BALDWIN LOCOMOTIVE WORKS ET AL., APPELLANTS.



Appeal, No. 180, Oct. T., 1954, from judgment of Court of Common Pleas No. 4 of Philadelphia County, June T., 1952, No. 1179, in case of Louise Messikomer v. Baldwin Locomotive Works and Liberty Mutual Insurance Co. Judgment affirmed. Appeal by employer and its carrier from award by Workmen's Compensation Board. Appeal dismissed and judgment entered for claimant, opinion by GUERIN, J. Defendants appealed.

COUNSEL

J. Paul Erwin, with him George D. Sheehan, for appellants.

Before Rhodes, P.j., Hirt, Ross, Gunther, Wright, Woodside, and Ervin, JJ.

Author: Wright

[ 178 Pa. Super. Page 539]

OPINION BY WRIGHT, J.

This is a workmen's compensation case. The Court of Common Pleas overruled defendants' exceptions to an award made by the Workmen's Compensation Board and entered final judgment in favor of the claimant. Defendants have appealed.
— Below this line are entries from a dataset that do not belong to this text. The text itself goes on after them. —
lemma H2_norm_ell2_coeff: "H2_norm (ell2_coeff x) = norm x"
  by (simp add: H2_norm_def norm_ell2_eq)

lemma sum_coeff_le_norm: "finite K \<Longrightarrow> (\<Sum>k\<in>K. (cmod (ell2_coeff x k))\<^sup>2) \<le> (norm x)\<^sup>2"
  unfolding power2_norm_ell2 by (simp add: sum_le_suminf summable_ell2_coeff)

lemma inner_eq_Re_cinner: "inner x y = Re (cinner x y)"
  by (simp add: cinner_def inner_ell2.rep_eq Re_suminf H2_inner_summable ell2_coeff)

lemma inner_cscale_ii_right: "inner x (cscale \<i> y) = Im (cinner x y)"
proof -
  have "(\<Sum>k. ell2_coeff x k * cnj (ell2_coeff (cscale \<i> y) k))
      = (\<Sum>k. - \<i> * (ell2_coeff x k * cnj (ell2_coeff y k)))"
    by (simp add: ell2_coeff_cscale mult.left_commute)
  also have "\<dots> = - \<i> * cinner x y"
    unfolding cinner_def by (rule suminf_mult[OF H2_inner_summable[OF ell2_coeff ell2_coeff]])
  finally show ?thesis
    by (simp add: inner_eq_Re_cinner cinner_def)
qed

lemma cinner_eq_0_iff: "cinner x y = 0 \<longleftrightarrow> inner x y = 0 \<and> inner x (cscale \<i> y) = 0"
  unfolding inner_cscale_ii_right by (simp add: inner_eq_Re_cinner complex_eq_iff)

lemma norm_ell2_coeff_le: "cmod (ell2_coeff x k) \<le> norm x"
proof -
  have "(cmod (ell2_coeff x k))\<^sup>2 \<le> (norm x)\<^sup>2"
    using sum_coeff_le_norm[of "{k}" x] by simp
  then show ?thesis
    using power2_le_imp_le by simp
qed

lemma bounded_linear_ell2_coeff: "bounded_linear (\<lambda>x. ell2_coeff x k)"
proof (rule bounded_linear_intro[where K = 1])
  fix x y :: ell2 and r :: real
  show "ell2_coeff (x + y) k = ell2_coeff x k + ell2_coeff y k"
    by transfer simp
  show "ell2_coeff (r *\<^sub>R x) k = r *\<^sub>R ell2_coeff x k"
    by transfer (simp add: scaleR_conv_of_real)
  show "norm (ell2_coeff x k) \<le> norm x * 1"
    using norm_ell2_coeff_le by simp
qed

lemma ell2_Cauchy_tail:
  assumes X: "Cauchy X" and p: "\<And>k. (\<lambda>n. ell2_coeff (X n) k) \<longlonglongrightarrow> p k" and "0 < e"
  obtains N where "\<And>m. m \<ge> N \<Longrightarrow> (\<lambda>k. ell2_coeff (X m) k - p k) \<in> H2"
    and "\<And>m. m \<ge> N \<Longrightarrow> (\<Sum>k. (cmod (ell2_coeff (X m) k - p k))\<^sup>2) \<le> e\<^sup>2"
proof -
  obtain N where N: "\<forall>m\<ge>N. \<forall>n\<ge>N. dist (X m) (X n) < e"
    using metric_CauchyD[OF X \<open>0 < e\<close>] by blast
  have partial: "(\<Sum>k<M. (cmod (ell2_coeff (X m) k - p k))\<^sup>2) \<le> e\<^sup>2" if "m \<ge> N" for m M
  proof (rule LIMSEQ_le_const2)
    show "(\<lambda>n. \<Sum>k<M. (cmod (ell2_coeff (X m) k - ell2_coeff (X n) k))\<^sup>2)
            \<longlonglongrightarrow> (\<Sum>k<M. (cmod (ell2_coeff (X m) k - p k))\<^sup>2)"
      by (intro tendsto_intros p)
    have "(\<Sum>k<M. (cmod (ell2_coeff (X m) k - ell2_coeff (X n) k))\<^sup>2) \<le> e\<^sup>2" if "n \<ge> N" for n
    proof -
      have "norm (X m - X n) \<le> e"
        using N \<open>m \<ge> N\<close> that by (simp add: dist_norm less_imp_le)
      then have "(norm (X m - X n))\<^sup>2 \<le> e\<^sup>2"
        by (simp add: power_mono)
      then show ?thesis
        using sum_coeff_le_norm[of "{..<M}" "X m - X n"] by (simp add: ell2_coeff_diff)
    qed
    then show "\<exists>N. \<forall>n\<ge>N. (\<Sum>k<M. (cmod (ell2_coeff (X m) k - ell2_coeff (X n) k))\<^sup>2) \<le> e\<^sup>2"
      by blast
  qed
  have summable: "summable (\<lambda>k. (cmod (ell2_coeff (X m) k - p k))\<^sup>2)" if "m \<ge> N" for m
    by (rule summableI_nonneg_bounded[OF _ partial[OF that]]) simp
  show ?thesis
  proof (rule that)
    show "(\<lambda>k. ell2_coeff (X m) k - p k) \<in> H2" if "m \<ge> N" for m
      using summable[OF that] by (simp add: H2_def)
    show "(\<Sum>k. (cmod (ell2_coeff (X m) k - p k))\<^sup>2) \<le> e\<^sup>2" if "m \<ge> N" for m
      by (rule suminf_le_const[OF summable[OF that] partial[OF that]])
  qed
qed

instance ell2 :: complete_space
proof
  fix X :: "nat \<Rightarrow> ell2"
  assume X: "Cauchy X"
  define p where "p k = lim (\<lambda>n. ell2_coeff (X n) k)" for k
  have p: "(\<lambda>n. ell2_coeff (X n) k) \<longlonglongrightarrow> p k" for k
    using bounded_linear.Cauchy[OF bounded_linear_ell2_coeff X]
    by (simp add: p_def Cauchy_convergent_iff convergent_LIMSEQ_iff)
  obtain N where "(\<lambda>k. ell2_coeff (X N) k - p k) \<in> H2"
    using ell2_Cauchy_tail[OF X p zero_less_one] by blast
  from H2_add[OF ell2_coeff[of "X N"] H2_scale[OF this, of "-1"]] have "p \<in> H2"
    by simp
  have "X \<longlonglongrightarrow> Abs_ell2 p"
  proof (rule metric_LIMSEQ_I)
    fix r :: real assume "0 < r"
    then have "0 < r/2" by simp
    then obtain N where N: "\<And>m. m \<ge> N \<Longrightarrow> (\<Sum>k. (cmod (ell2_coeff (X m) k - p k))\<^sup>2) \<le> (r/2)\<^sup>2"
      using ell2_Cauchy_tail[OF X p] by blast
    have "dist (X m) (Abs_ell2 p) < r" if "m \<ge> N" for m
    proof -
      have "(dist (X m) (Abs_ell2 p))\<^sup>2 \<le> (r/2)\<^sup>2"
        using N[OF that] \<open>p \<in> H2\<close> by (simp add: dist_norm power2_norm_ell2 ell2_coeff_diff Abs_ell2_inverse)
      then have "dist (X m) (Abs_ell2 p) \<le> r/2"
        by (rule power2_le_imp_le) (use \<open>0 < r\<close> in simp)
      then show ?thesis
        using \<open>0 < r\<close> by linarith
    qed
    then show "\<exists>N. \<forall>m\<ge>N. dist (X m) (Abs_ell2 p) < r"
      by blast
  qed
  then show "convergent X"
    by (rule convergentI)
qed

section \<open>Orthogonal complements\<close>

lemma inner_eq_0_if_norm_le_norm_diff_scaleR:
  fixes x y :: "'a::real_inner"
  assumes min: "\<And>t. norm x \<le> norm (x - t *\<^sub>R y)"
  shows "inner x y = 0"
proof (rule ccontr)
  assume nz: "inner x y \<noteq> 0"
  define c where "c = (norm y)\<^sup>2 + 1"
  define t where "t = inner x y / c"
  have c: "c > 0"
    unfolding c_def using zero_le_power2[of "norm y"] by linarith
  have "(norm x)\<^sup>2 \<le> (norm (x - t *\<^sub>R y))\<^sup>2"
    using min[of t] by (simp add: power_mono)
  also have "\<dots> = (norm x)\<^sup>2 - 2 * t * inner x y + t\<^sup>2 * (norm y)\<^sup>2"
    unfolding power2_norm_eq_inner by (simp add: inner_diff inner_commute algebra_simps power2_eq_square)
  finally have "2 * t * inner x y \<le> t\<^sup>2 * (norm y)\<^sup>2"
    by linarith
  then have "2 * (inner x y)\<^sup>2 * c \<le> (inner x y)\<^sup>2 * (norm y)\<^sup>2"
    using c by (simp add: t_def power2_eq_square divide_simps)
  then have "2 * c \<le> (norm y)\<^sup>2"
    using nz by simp
  then show False
    unfolding c_def using zero_le_power2[of "norm y"] by (simp add: algebra_simps)
qed
text \<open>A vertex \<open>u\<close> of the smallest edge has degree \<open>d > t/k\<close>; the stars of the other vertices
  of edges through \<open>u\<close> carry \<open>d (t - (d - 1))\<close> incidences, while linearity gives
  \<open>d (k - 1) \<le> n - 1\<close>.\<close>
lemma core_degree_sum_bound:
  fixes t :: real
  assumes lin: "linear_hypergraph V E" and "X \<subseteq> E" "e \<in> X"
    and min_size: "\<forall>f\<in>X. card e \<le> card f"
    and core: "\<forall>f\<in>X. t < real (card (nbhd X f))"
    and "0 \<le> t" "real (card V) - 1 \<le> (real (card e) - 1) * t"
  shows "t / real (card e) * ((real (card e) - 1) * t - (real (card V) - 1))
           \<le> (real (card e) - 1) * (\<Sum>w\<in>V. real (card (edges_at X w)))"
proof -
  define n k S where "n = real (card V)" and "k = real (card e)"
    and "S = (\<Sum>w\<in>V. real (card (edges_at X w)))"
  have hyp: "hypergraph V E" using lin by (rule linear_hypergraph_imp_hypergraph)
  obtain u where u: "u \<in> e" "t / k < real (card (edges_at X u)) - 1"
    using exists_vertex_of_large_degree[OF lin assms(2,3)] core assms(3)
    unfolding k_def by blast
  define d where "d = real (card (edges_at X u))"
  have "u \<in> V" using u(1) assms(2,3) hypergraph_edge_subset[OF hyp] by blast
  have star: "d * (t - (d - 1)) \<le> S"
    using degree_sum_ge_star_neighbourhoods[OF lin assms(2)] core
    unfolding d_def S_def by (simp add: edges_at_def)
  have deg: "d * (k - 1) \<le> n - 1"
    using degree_mult_min_size_le[OF lin assms(2) \<open>u \<in> V\<close> min_size] unfolding d_def k_def n_def .
  have "e \<noteq> {}" "finite e"
    using assms(2,3) hyp hypergraph_finite_edge[OF hyp] unfolding hypergraph_def by auto
  then have "k \<ge> 1" unfolding k_def by (simp add: Suc_le_eq card_gt_0_iff)
  have "t / k \<ge> 0" using assms(6) \<open>k \<ge> 1\<close> by simp
  have "(k - 1) * (d * (t - (d - 1))) \<le> (k - 1) * S"
    using star \<open>k \<ge> 1\<close> by (intro mult_left_mono) auto
  moreover have "d * ((k - 1) * (d - 1)) \<le> d * (n - 1)"
    using deg u(2) \<open>t / k \<ge> 0\<close> \<open>k \<ge> 1\<close> unfolding d_def
    by (intro mult_left_mono) (auto simp: algebra_simps)
  moreover have "t / k * ((k - 1) * t - (n - 1)) \<le> d * ((k - 1) * t - (n - 1))"
    using u(2) assms(7) unfolding d_def k_def n_def by (intro mult_right_mono) auto
  ultimately show ?thesis unfolding n_def k_def S_def by (simp add: algebra_simps)
qed

lemma two_le_card_if_threshold:
  fixes \<tau> :: real
  assumes "\<tau> < 1" "1 \<le> (real m - 1) * (1 - \<tau>)"
  shows "2 \<le> m"
proof -
  have "real m - 1 > 0" using assms by (smt (verit) mult_nonpos_nonneg)
  then show ?thesis by simp
qed

lemma core_degree_sum_lower_bound:
  fixes \<tau> :: real
  assumes lin: "linear_hypergraph V E" and "X \<subseteq> E" "e \<in> X"
    and min_size: "\<forall>f\<in>X. card e \<le> card f"
    and core: "\<forall>f\<in>X. (1 - \<tau>) * real (card V) < real (card (nbhd X f))"
    and "0 \<le> \<tau>" "\<tau> < 1" and large: "1 \<le> (real (card e) - 1) * (1 - \<tau>)"
  shows "real (card V) * (real (card V) - 1) * ((1 - \<tau>)\<^sup>2 - 2 / real (card e))
           \<le> (real (card e) - 1) * (\<Sum>w\<in>V. real (card (edges_at X w)))"
proof -
  define n k where "n = real (card V)" and "k = real (card e)"
  define Q where "Q = (k - 1) * (1 - \<tau>) - 1"
  have hyp: "hypergraph V E" using lin by (rule linear_hypergraph_imp_hypergraph)
  have "k \<ge> 2" using two_le_card_if_threshold[OF assms(7) large] unfolding k_def by simp
  have "e \<subseteq> V" using assms(2,3) hypergraph_edge_subset[OF hyp] by blast
  then have "k \<le> n" unfolding k_def n_def by (simp add: card_mono hypergraph_finite(1)[OF hyp])
  have "Q \<ge> 0" using large unfolding Q_def k_def by simp
  have t_nonneg: "0 \<le> (1 - \<tau>) * real (card V)" using assms(7) by simp
  have t_large: "real (card V) - 1 \<le> (real (card e) - 1) * ((1 - \<tau>) * real (card V))"
    using mult_right_mono[OF large, of "real (card V)"] by (simp add: algebra_simps)
  note bound = core_degree_sum_bound[OF lin assms(2,3) min_size core t_nonneg t_large]
  have "(1 - \<tau>) * n / k * (n * Q) \<le> (1 - \<tau>) * n / k * ((k - 1) * ((1 - \<tau>) * n) - (n - 1))"
    using assms(7) \<open>k \<ge> 2\<close> \<open>k \<le> n\<close> unfolding Q_def by (intro mult_left_mono) (auto simp: algebra_simps)
  also have "\<dots> \<le> (k - 1) * (\<Sum>w\<in>V. real (card (edges_at X w)))"
    using bound unfolding n_def k_def .
  finally have "n * n * ((1 - \<tau>) * Q / k) \<le> (k - 1) * (\<Sum>w\<in>V. real (card (edges_at X w)))"
    by (simp add: algebra_simps)
  moreover have "(1 - \<tau>) * Q / k = (1 - \<tau>)\<^sup>2 - ((1 - \<tau>)\<^sup>2 + (1 - \<tau>)) / k"
    using \<open>k \<ge> 2\<close> unfolding Q_def by (simp add: field_simps power2_eq_square)
  moreover have "(1 - \<tau>)\<^sup>2 \<le> 1" using assms(6,7) by (intro power_le_one) auto
  then have "(1 - \<tau>)\<^sup>2 - 2 / k \<le> (1 - \<tau>)\<^sup>2 - ((1 - \<tau>)\<^sup>2 + (1 - \<tau>)) / k"
    using assms(6) \<open>k \<ge> 2\<close> by (simp add: divide_right_mono)
  moreover have "n * (n - 1) * ((1 - \<tau>) * Q / k) \<le> n * n * ((1 - \<tau>) * Q / k)"
    using \<open>Q \<ge> 0\<close> \<open>k \<le> n\<close> \<open>k \<ge> 2\<close> assms(7) by (intro mult_right_mono) auto
  ultimately have "n * (n - 1) * ((1 - \<tau>)\<^sup>2 - 2 / k) \<le> (k - 1) * (\<Sum>w\<in>V. real (card (edges_at X w)))"
    using \<open>k \<le> n\<close> \<open>k \<ge> 2\<close> by (smt (verit) mult_left_mono mult_nonneg_nonneg)
  then show ?thesis unfolding n_def k_def .
qed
Emil H. Messikomer, husband of claimant appellee, had been employed by Baldwin Locomotive Works for 32 years prior to November 14, 1947. During this entire period he enjoyed excellent health and never lost any time due to illness. He was an industrious worker, almost six feet in height, and weighed 180 pounds. On November 14, 1947, while on a construction job in Minnesota, he slipped and fell, striking his side with sufficient force to cause a fracture of the right eleventh rib. He promptly returned to his home in Philadelphia, where his family physician strapped the ribs and prescribed medicine to relieve the pain. A few days later, the pain persisting, X-rays were taken which disclosed the fracture and also showed an enlargement of the liver. There was no X-ray evidence at that time of cancer or abscess of the lung. Immediately thereafter, decedent suffered severe chills and became a very sick man. During the absence of the family physician, another doctor was called. He found the patient confined to his bed with fever and chills, excessive perspiration, rapid pulse, cough and fluctuating temperature. Additional X-rays were taken which disclosed that, in addition to the fracture, there was an abscess forming on the right side of the lung. The patient was sent to a hospital where, on December 14, 1947, a part of the ninth and tenth ribs were removed and an exploration was made of the lung in that area. This disclosed several abscesses with infection,

[ 178 Pa. Super. Page 540]

    inflammation and induration. A specimen of the lung was removed and laboratory studies disclosed the presence of a malignant cancer. After being hospitalized for forty days, the patient was sent home where he remained in bed until his death on March 22, 1948. At the time of his death he weighed 90 pounds. The cause of death given by the attending physician was "carcinoma of the lung, abscess of the lung, due to the fall upon the right side primarily which was the cause of those conditions".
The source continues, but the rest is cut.